(Source records)

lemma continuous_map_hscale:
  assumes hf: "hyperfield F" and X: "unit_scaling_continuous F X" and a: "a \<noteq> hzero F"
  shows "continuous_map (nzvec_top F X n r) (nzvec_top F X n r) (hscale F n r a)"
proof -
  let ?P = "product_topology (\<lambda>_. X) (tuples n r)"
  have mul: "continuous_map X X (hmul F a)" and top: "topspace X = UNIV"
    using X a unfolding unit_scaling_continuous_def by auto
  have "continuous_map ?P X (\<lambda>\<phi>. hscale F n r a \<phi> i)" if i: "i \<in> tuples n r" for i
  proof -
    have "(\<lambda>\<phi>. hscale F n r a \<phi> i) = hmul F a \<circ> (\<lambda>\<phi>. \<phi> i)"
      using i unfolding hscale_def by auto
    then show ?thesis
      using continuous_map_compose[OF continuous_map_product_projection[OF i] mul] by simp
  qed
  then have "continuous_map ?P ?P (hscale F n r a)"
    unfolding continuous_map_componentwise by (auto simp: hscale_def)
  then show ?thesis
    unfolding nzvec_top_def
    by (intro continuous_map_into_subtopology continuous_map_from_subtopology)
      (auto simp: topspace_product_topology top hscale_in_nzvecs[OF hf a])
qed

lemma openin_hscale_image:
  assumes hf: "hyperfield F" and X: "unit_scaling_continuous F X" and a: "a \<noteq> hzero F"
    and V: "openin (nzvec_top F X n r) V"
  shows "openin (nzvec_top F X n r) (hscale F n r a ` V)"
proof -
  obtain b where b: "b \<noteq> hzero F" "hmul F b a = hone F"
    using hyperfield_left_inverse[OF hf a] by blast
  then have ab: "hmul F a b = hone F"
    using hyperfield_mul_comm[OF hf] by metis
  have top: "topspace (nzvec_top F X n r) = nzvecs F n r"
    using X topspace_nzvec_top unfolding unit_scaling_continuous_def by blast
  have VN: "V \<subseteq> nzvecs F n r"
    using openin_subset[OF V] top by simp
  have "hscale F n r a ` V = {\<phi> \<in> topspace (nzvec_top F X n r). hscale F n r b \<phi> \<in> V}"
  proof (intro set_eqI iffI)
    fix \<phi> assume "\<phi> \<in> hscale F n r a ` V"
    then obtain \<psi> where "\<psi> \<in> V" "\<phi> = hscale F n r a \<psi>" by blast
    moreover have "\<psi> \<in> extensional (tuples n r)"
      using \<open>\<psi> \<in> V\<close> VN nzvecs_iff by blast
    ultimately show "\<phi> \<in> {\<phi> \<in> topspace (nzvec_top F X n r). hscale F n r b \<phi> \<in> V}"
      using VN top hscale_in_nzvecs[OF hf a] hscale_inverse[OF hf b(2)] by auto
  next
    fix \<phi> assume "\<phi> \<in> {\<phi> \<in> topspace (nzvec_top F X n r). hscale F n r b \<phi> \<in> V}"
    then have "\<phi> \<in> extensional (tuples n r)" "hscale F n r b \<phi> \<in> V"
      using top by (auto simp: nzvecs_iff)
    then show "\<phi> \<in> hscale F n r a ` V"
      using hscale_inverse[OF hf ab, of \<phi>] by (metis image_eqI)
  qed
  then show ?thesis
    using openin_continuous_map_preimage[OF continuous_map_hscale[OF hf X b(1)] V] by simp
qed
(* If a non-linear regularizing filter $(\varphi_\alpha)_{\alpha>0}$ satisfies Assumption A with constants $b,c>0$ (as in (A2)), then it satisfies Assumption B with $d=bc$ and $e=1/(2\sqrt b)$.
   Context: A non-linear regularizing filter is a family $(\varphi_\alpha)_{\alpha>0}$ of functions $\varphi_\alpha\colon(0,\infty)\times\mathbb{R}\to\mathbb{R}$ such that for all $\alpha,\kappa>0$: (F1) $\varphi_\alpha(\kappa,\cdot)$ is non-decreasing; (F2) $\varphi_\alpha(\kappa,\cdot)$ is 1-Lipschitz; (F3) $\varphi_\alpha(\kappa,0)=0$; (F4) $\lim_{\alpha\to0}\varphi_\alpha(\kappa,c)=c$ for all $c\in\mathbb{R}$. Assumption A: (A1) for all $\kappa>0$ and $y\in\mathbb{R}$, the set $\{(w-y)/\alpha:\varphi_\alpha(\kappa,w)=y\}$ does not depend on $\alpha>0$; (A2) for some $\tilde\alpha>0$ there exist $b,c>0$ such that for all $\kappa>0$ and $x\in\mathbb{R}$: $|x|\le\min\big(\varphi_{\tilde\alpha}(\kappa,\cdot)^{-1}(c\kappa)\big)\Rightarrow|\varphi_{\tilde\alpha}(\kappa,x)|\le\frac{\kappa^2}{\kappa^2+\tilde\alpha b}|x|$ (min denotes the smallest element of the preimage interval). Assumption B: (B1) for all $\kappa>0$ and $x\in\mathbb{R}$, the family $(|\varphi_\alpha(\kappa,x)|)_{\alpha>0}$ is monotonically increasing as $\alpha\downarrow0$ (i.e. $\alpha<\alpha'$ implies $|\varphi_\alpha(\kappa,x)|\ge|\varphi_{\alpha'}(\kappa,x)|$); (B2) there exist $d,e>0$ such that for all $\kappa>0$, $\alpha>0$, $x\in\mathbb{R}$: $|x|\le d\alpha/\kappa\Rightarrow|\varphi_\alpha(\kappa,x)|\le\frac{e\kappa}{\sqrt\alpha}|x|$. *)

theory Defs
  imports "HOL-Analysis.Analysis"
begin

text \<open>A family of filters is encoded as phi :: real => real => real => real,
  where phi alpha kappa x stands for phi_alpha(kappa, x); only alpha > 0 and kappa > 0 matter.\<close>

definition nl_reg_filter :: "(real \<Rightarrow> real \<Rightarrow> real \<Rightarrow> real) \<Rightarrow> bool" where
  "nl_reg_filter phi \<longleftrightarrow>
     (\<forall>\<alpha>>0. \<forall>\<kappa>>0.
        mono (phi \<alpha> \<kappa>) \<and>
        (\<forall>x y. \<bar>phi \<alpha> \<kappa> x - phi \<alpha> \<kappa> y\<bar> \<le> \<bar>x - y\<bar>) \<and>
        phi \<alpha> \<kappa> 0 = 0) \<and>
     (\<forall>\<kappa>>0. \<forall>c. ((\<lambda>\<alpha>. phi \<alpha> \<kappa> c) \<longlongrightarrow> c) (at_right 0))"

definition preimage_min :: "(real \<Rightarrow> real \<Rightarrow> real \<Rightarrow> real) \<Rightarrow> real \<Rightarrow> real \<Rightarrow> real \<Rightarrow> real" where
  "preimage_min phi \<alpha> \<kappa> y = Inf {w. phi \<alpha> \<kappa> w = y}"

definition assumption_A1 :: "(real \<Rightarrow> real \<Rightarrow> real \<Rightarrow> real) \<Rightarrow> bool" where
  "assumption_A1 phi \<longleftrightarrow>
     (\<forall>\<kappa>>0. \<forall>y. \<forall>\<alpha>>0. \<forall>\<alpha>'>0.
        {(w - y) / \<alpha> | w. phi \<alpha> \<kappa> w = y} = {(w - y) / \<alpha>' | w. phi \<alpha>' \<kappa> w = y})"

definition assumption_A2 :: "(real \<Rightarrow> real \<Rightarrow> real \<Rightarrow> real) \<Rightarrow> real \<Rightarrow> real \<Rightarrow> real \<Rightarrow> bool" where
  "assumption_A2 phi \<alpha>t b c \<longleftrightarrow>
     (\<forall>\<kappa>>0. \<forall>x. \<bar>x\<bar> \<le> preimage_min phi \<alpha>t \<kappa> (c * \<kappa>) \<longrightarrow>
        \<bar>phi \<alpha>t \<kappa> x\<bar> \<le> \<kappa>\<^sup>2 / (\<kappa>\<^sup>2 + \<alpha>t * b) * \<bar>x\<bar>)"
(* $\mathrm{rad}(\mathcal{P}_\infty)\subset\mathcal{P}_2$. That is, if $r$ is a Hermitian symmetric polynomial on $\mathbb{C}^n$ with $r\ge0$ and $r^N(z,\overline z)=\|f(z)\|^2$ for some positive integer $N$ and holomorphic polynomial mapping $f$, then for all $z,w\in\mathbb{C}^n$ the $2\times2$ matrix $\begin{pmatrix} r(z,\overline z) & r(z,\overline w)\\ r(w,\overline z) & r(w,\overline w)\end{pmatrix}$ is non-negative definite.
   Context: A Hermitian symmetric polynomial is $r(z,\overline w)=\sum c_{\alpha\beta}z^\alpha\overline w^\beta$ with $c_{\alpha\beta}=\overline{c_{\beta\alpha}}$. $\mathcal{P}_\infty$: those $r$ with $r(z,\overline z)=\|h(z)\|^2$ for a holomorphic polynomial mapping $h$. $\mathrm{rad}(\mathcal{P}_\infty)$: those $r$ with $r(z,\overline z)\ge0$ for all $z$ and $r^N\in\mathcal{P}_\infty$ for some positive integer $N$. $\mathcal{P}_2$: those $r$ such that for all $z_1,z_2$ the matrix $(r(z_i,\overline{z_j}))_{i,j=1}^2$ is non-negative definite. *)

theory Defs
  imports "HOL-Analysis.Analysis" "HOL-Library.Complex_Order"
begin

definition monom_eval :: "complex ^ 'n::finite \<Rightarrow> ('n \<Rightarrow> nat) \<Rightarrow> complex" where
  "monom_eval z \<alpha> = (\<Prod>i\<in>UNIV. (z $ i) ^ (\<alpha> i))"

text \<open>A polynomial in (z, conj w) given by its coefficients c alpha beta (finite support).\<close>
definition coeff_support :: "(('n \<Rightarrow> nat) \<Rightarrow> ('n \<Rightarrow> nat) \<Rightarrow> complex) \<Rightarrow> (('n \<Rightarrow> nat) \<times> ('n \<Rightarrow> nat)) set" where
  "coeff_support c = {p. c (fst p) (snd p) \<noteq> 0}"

(End Source records)

(What you have to do):
Tally each line above that includes "shows". Reply with the total only.

(Output):
2